### [ASSIGNED TASK]
Only lines containing the string "True" belong in the answer; find them in the records and copy them.

### [MATERIALS PROVIDED]
(* Let $\mathcal M=(Q,s_{in},s_T,s_F,\delta)$ be a Turing machine with input that never moves its input head outside the input tape. There is a closed term ${\tt trans}_{\mathcal M}$ and a constant $c$ (depending only on $\mathcal M$) such that for every term $k$ and every configuration $C$ with input tape string $i$ (with $0\le n<|i|$ for its input-head position $n$): (1) if $C$ is final, then ${\tt trans}_{\mathcal M}\,k\,\ulcorner C\urcorner\to_{det}^{m} k\,\ulcorner C\urcorner$ for some $m\le c\,|i|\log_2|i|$; (2) if $C\to_{\mathcal M} D$, then ${\tt trans}_{\mathcal M}\,k\,\ulcorner C\urcorner\to_{det}^{m} {\tt trans}_{\mathcal M}\,k\,\ulcorner D\urcorner$ for some $m\le c\,|i|\log_2|i|$.
   Context: Deterministic $\lambda$-calculus $\Lambda_{\tt det}$: terms $t ::= v \mid t\,v$, values $v ::= x\mid \lambda x.t$, evaluation contexts $E ::= [\cdot]\mid E\,v$, and $E[(\lambda x.t)v]\to_{det} E[t\{x:=v\}]$; $\to_{det}^m$ means exactly $m$ steps. Encodings: a character $a_j$ of an ordered alphabet $\Sigma=\{a_1<\dots<a_p\}$ is $\ulcorner a_j\urcorner:=\lambda x_1\ldots\lambda x_p.x_j$; strings over $\Sigma$ are $\ulcorner\varepsilon\urcorner:=\lambda x_1\ldots\lambda x_p.\lambda x_\varepsilon.x_\varepsilon$, $\ulcorner a_j r\urcorner:=\lambda x_1\ldots\lambda x_p.\lambda x_\varepsilon.x_j\ulcorner r\urcorner$. Reversed binary: $\mathrm{bin}(0)=\varepsilon$, for $n>0$ $\mathrm{bin}(n)=b_0\cdots b_\ell$ with $n=\sum_j b_j 2^j$, $b_\ell=1$, encoded as a string over $\{0<1\}$. Turing machines with input: $\mathbb B_I=\{0<1<\mathsf L<\mathsf R\}$, $\mathbb B_W=\{0<1<\Box\}$ ($\Box$ blank). A machine is $\mathcal M=(Q,s_{in},s_T,s_F,\delta)$ with finite ordered set of states $Q=\{s_1<\dots<s_m\}$, initial state $s_{in}$, final states $s_T,s_F$, and partial transition function $\delta:\mathbb B_I\times\mathbb B_W\times Q\rightharpoonup\{-1,+1,0\}\times\mathbb B_W\times\{\leftarrow,\rightarrow,\downarrow\}\times Q$, defined on $(b,a,s)$ only if $s\notin\{s_T,s_F\}$. A configuration is $(i,n\mid w_l,a,w_r\mid s)$ with $i=\mathsf L s'\mathsf R$, $s'\in\{0,1\}^*$, the read-only input tape string, $n\in\mathbb N$ the input-head position, $w_l,w_r\in\mathbb B_W^*$ the work tape to the left/right of the work head, $a\in\mathbb B_W$ the work-head cell, $s\in Q$; it is final if $s\in\{s_T,s_F\}$. Transition: let $b$ be the character of $i$ at position $n$ (counting from $0$) and $\delta(b,a,s)=(d\mid a',\mu\mid s')$. Then $C\to_{\mathcal M} D$ where $D$ has input position $n+d$, state $s'$, and work part: if $\mu=\downarrow$, $(w_l,a',w_r)$; if $\mu=\leftarrow$ and $w_l=w a''$, $(w,a'',a'w_r)$, and if $w_l=\varepsilon$, $(\varepsilon,\Box,a'w_r)$; if $\mu=\rightarrow$ and $w_r=a''w$, $(w_l a',a'',w)$, and if $w_r=\varepsilon$, $(w_la',\Box,\varepsilon)$. The input string $i$ is unchanged. The encoding of a configuration is $\ulcorner(i,n\mid w_l,a,w_r\mid s)\urcorner:=\lambda x.\,x\,\ulcorner i\urcorner\,\ulcorner\mathrm{bin}(n)\urcorner\,\ulcorner w_l^{R}\urcorner\,\ulcorner a\urcorner\,\ulcorner w_r\urcorner\,\ulcorner s\urcorner$, with $i$ encoded as a string over $\mathbb B_I$, $w_l^R$ (reversal of $w_l$) and $w_r$ as strings over $\mathbb B_W$, $a$ as a character of $\mathbb B_W$, $s$ as a character of $Q$. Note $|i|\ge 2$. *)

theory Defs
  imports Complex_Main
begin

datatype dterm = Var nat | Lam dterm | App dterm dterm

fun is_val :: "dterm \<Rightarrow> bool" where
  "is_val (Var _) = True"
| "is_val (Lam _) = True"
| "is_val (App _ _) = False"

fun det_term :: "dterm \<Rightarrow> bool" where
  "det_term (Var _) = True"
| "det_term (Lam t) = det_term t"
| "det_term (App t u) = (det_term t \<and> is_val u \<and> det_term u)"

### [EXERCISE RESPONSE]
  "is_val (Var _) = True"
| "is_val (Lam _) = True"
  "det_term (Var _) = True"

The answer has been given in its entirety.